5 Must Know Facts For Your Next Test

1. Gene therapy can be delivered in vivo (directly into the body) or ex vivo (cells are modified outside the body and then reintroduced).
2. One of the most common targets for gene therapy is monogenic disorders like cystic fibrosis and sickle cell disease, where a single faulty gene is responsible for the condition.
3. Gene therapy has shown promise in treating some cancers by modifying immune cells to better recognize and attack cancer cells.
4. Challenges in gene therapy include ensuring the long-term expression of the therapeutic gene, avoiding immune responses, and targeting the right cells without affecting others.
5. Regulatory agencies are closely monitoring gene therapy treatments due to ethical concerns and the potential for unintended consequences on human genetics.

Review Questions

• How does gene therapy specifically address single-gene disorders compared to multifactorial conditions?
  • Gene therapy directly targets single-gene disorders by correcting or replacing the faulty gene responsible for the disease. For example, in conditions like hemophilia, where one gene mutation leads to a lack of clotting factors, introducing a functional copy of that gene can potentially restore normal function. In contrast, multifactorial conditions involve multiple genes interacting with environmental factors, making gene therapy more complex as it may require targeting several genes simultaneously or addressing broader pathways rather than a single faulty gene.
• Discuss the role of vectors in gene therapy and how they impact the effectiveness of treatment.
  • Vectors are essential in gene therapy as they serve as delivery systems to transport therapeutic genes into target cells. Commonly used vectors include modified viruses that have been engineered to be safe for human use. The effectiveness of gene therapy largely depends on the vector's ability to efficiently deliver the gene to the right cells, express it properly, and ensure minimal immune response.
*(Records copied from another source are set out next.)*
lemma sqdist_cU_ge:
  assumes e: "e < 0" and u: "u \<in> P0"
  shows "rU\<^sup>2 \<le> (fst u - a)\<^sup>2 + (snd u - (b - y0 - rU))\<^sup>2"
    and "(fst u - a)\<^sup>2 + (snd u - (b - y0 - rU))\<^sup>2 = rU\<^sup>2 \<Longrightarrow> u \<in> {(0, y0), (2 * a, y0), (a, b - y0)}"
proof -
  have "rU\<^sup>2 \<le> (fst u - a)\<^sup>2 + (snd u - (b - y0 - rU))\<^sup>2 \<and>
    ((fst u - a)\<^sup>2 + (snd u - (b - y0 - rU))\<^sup>2 = rU\<^sup>2 \<longrightarrow> u \<in> {(0, y0), (2 * a, y0), (a, b - y0)})"
  proof (cases rule: P0_cases[OF u])
    case (1 k m)
    have "(fst u - a)\<^sup>2 + (snd u - (b - y0 - rU))\<^sup>2
        = (of_int k * (2 * a) - a)\<^sup>2 + (of_int m * b - (b - 2 * y0 - rU))\<^sup>2"
      using 1 by (simp add: algebra_simps)
    then show ?thesis
      using sum_sq_int_mult_diff_ge[of "2 * a" a b "b - 2 * y0 - rU" k m] 1 a b rU_bounds(1,2)[OF e]
      unfolding rU_circle[OF e] by auto
  next
    case (2 k m)
    have "(fst u - a)\<^sup>2 + (snd u - (b - y0 - rU))\<^sup>2
        = (of_int k * (2 * a) - 0)\<^sup>2 + (of_int (1 - m) * b - rU)\<^sup>2"
      using 2 by (simp add: power2_eq_square algebra_simps)
    then show ?thesis
      using sum_sq_int_mult_diff_ge[of "2 * a" 0 b rU k "1 - m"] 2 a b rU_bounds(3,4)[OF e] by auto
  qed
  then show "rU\<^sup>2 \<le> (fst u - a)\<^sup>2 + (snd u - (b - y0 - rU))\<^sup>2"
    and "(fst u - a)\<^sup>2 + (snd u - (b - y0 - rU))\<^sup>2 = rU\<^sup>2 \<Longrightarrow> u \<in> {(0, y0), (2 * a, y0), (a, b - y0)}"
    by blast+
qed

lemma nearest_lifts_cU:
  assumes e: "e < 0"
  shows "{u \<in> P0. dist u cU = rU} = {(0, y0), (2 * a, y0), (a, b - y0)}"
proof (intro equalityI subsetI)
  fix u assume "u \<in> {u \<in> P0. dist u cU = rU}"
  then have u: "u \<in> P0" and "sqrt ((fst u - a)\<^sup>2 + (snd u - (b - y0 - rU))\<^sup>2) = rU"
    by (auto simp: dist_eq_sqrt cU_def)
  then have "(fst u - a)\<^sup>2 + (snd u - (b - y0 - rU))\<^sup>2 = rU\<^sup>2"
    by (metis add_nonneg_nonneg real_sqrt_pow2 zero_le_power2)
  from sqdist_cU_ge(2)[OF e u this] show "u \<in> {(0, y0), (2 * a, y0), (a, b - y0)}" .
qed (use P0_lifts circumcircles_obtuse[OF e] in auto)

lemma dist_P0_cU_ge: "e < 0 \<Longrightarrow> u \<in> P0 \<Longrightarrow> rU \<le> dist u cU"
  using sqdist_cU_ge(1) rU_bounds(3) by (simp add: dist_eq_sqrt cU_def real_le_rsqrt)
The choice of vector can greatly influence treatment outcomes, making research into developing more effective and safer vectors a priority in this field.
• Evaluate the ethical considerations surrounding gene therapy and its implications for future medical practices.
  • The ethical considerations surrounding gene therapy are significant due to its potential to alter human genetics and impact future generations. Issues such as consent, equity of access to treatments, and the possibility of creating 'designer babies' raise important moral questions. Evaluating these concerns is crucial as advancements in gene therapy continue to evolve. The implications for future medical practices include establishing regulatory frameworks that balance innovation with safety and ethical responsibility, ensuring that all patients benefit equitably from these groundbreaking treatments.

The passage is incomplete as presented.